++++ Listed entries

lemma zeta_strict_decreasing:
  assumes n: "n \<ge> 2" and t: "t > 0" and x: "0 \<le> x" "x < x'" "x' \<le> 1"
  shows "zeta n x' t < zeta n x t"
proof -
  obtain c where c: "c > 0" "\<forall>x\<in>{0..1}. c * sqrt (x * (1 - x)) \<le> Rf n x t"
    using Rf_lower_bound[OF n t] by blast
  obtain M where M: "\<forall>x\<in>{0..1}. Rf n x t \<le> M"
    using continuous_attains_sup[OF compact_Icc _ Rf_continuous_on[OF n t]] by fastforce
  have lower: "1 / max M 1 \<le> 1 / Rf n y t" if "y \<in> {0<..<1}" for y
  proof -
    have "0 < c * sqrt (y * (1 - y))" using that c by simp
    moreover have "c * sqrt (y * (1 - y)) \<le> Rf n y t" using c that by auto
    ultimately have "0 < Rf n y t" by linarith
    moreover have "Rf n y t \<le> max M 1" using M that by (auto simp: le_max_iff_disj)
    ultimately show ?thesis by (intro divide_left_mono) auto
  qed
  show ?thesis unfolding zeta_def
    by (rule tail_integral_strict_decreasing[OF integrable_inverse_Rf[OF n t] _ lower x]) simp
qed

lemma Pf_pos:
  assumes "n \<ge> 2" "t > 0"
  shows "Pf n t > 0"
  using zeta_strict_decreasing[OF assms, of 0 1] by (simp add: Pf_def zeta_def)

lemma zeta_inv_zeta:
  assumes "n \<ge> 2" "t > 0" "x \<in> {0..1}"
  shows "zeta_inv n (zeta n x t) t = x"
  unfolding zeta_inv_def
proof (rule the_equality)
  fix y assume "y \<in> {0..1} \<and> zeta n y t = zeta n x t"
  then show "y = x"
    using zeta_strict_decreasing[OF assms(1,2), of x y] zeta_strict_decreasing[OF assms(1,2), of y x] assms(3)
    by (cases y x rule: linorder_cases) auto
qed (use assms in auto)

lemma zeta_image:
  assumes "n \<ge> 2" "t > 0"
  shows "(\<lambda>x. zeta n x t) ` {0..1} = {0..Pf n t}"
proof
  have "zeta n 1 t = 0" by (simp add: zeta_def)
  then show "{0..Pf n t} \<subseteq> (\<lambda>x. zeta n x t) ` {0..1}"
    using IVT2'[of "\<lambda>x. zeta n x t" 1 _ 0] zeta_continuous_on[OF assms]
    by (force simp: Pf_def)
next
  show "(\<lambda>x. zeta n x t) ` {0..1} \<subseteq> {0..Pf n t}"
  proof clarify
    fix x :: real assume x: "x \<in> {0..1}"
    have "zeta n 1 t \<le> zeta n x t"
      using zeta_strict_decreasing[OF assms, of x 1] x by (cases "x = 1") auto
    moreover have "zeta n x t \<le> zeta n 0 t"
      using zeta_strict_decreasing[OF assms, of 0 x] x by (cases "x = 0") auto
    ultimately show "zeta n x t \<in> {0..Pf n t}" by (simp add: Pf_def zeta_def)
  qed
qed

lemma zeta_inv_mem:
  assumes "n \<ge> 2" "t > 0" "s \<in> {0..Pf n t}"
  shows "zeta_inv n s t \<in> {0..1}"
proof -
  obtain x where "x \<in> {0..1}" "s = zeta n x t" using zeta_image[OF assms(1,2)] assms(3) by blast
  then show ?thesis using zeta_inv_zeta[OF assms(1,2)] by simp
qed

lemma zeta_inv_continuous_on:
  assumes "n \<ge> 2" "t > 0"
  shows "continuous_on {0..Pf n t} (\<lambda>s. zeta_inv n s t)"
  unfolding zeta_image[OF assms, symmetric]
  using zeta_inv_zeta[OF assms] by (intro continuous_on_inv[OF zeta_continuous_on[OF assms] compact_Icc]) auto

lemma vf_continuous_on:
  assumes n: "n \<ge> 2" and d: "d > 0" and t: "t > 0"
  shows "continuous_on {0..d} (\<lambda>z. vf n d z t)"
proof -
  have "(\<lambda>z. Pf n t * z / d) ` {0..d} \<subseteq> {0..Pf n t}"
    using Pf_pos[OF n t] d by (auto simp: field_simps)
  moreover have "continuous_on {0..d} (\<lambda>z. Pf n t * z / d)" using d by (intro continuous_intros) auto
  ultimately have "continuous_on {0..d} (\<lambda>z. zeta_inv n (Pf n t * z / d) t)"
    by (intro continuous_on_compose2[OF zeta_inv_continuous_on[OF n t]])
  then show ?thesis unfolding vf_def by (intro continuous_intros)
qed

++++++++
++++ Listed entries

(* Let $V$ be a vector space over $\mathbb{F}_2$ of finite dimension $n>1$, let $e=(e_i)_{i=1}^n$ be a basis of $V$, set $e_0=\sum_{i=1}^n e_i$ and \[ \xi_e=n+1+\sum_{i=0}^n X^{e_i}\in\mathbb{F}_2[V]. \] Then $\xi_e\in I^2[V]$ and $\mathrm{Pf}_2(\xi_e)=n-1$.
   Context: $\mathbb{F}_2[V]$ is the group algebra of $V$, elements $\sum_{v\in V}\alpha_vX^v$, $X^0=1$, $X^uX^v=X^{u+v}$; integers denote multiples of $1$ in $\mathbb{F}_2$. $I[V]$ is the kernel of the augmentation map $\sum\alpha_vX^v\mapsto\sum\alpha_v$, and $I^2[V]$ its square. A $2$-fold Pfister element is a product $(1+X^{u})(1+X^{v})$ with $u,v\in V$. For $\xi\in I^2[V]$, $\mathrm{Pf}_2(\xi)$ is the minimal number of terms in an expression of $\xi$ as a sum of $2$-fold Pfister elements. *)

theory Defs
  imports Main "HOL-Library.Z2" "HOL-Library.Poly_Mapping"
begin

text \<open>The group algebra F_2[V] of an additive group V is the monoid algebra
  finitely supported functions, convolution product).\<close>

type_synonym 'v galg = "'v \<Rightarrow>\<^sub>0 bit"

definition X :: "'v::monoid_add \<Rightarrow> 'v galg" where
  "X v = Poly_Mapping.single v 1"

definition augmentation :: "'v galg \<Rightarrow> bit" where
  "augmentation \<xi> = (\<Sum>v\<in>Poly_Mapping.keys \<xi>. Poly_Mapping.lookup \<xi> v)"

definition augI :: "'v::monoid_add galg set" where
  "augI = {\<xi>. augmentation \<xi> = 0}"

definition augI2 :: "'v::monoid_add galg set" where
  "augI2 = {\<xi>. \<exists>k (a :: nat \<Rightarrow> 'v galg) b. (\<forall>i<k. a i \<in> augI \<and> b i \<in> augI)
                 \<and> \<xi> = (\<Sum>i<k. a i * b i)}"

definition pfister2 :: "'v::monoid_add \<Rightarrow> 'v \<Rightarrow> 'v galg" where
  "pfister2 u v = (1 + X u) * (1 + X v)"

++++++++
++++ Listed entries

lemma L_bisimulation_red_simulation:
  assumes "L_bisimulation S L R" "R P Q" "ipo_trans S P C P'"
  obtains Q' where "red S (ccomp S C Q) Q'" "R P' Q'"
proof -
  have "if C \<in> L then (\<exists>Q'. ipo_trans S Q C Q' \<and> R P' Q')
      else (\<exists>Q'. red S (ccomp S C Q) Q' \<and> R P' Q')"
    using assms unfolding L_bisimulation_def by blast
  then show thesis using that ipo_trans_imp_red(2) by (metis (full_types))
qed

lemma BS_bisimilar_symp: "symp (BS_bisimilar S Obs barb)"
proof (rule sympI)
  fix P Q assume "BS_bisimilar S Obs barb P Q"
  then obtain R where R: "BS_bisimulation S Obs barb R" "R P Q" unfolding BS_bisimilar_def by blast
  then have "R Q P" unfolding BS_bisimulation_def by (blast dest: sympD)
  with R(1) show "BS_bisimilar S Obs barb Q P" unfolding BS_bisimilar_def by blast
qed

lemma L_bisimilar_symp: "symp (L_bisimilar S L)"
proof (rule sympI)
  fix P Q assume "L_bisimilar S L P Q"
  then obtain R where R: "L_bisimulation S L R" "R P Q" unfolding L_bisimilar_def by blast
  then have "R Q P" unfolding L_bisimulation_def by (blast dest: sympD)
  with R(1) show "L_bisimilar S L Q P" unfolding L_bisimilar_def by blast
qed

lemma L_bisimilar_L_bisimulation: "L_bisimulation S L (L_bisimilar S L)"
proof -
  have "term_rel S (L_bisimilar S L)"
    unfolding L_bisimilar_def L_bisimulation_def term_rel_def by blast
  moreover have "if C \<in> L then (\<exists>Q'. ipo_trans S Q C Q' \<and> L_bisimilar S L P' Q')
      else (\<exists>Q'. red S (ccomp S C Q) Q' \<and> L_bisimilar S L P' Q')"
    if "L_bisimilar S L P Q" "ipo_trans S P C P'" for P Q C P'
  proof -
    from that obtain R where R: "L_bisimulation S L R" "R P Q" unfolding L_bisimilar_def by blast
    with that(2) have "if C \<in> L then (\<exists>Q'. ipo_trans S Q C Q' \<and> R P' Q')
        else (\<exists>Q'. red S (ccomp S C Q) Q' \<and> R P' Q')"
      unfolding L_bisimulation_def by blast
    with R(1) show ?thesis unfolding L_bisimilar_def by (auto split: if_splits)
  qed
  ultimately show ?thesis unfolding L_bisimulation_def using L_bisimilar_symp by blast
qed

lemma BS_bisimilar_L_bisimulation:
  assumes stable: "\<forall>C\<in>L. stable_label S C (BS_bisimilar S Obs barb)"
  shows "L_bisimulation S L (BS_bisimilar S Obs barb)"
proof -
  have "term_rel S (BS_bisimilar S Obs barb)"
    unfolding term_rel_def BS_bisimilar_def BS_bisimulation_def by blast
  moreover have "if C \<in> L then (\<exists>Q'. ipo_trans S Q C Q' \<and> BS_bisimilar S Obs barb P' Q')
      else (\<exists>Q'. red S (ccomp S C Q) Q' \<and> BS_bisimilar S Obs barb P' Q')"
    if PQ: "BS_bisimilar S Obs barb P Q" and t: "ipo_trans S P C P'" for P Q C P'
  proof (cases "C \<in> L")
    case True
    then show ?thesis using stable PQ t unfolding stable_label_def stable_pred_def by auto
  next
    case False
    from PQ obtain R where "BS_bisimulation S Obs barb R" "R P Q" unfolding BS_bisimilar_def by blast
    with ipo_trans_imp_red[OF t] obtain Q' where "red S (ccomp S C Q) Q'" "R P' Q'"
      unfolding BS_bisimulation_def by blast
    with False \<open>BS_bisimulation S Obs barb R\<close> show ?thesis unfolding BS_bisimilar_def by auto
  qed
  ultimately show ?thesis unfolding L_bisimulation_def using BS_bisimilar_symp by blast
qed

++++++++

Task details
Search term "subseteq": return each line of the data that contains it.

Final answer
  then show "{0..Pf n t} \<subseteq> (\<lambda>x. zeta n x t) ` {0..1}"
  show "(\<lambda>x. zeta n x t) ` {0..1} \<subseteq> {0..Pf n t}"
  have "(\<lambda>z. Pf n t * z / d) ` {0..d} \<subseteq> {0..Pf n t}"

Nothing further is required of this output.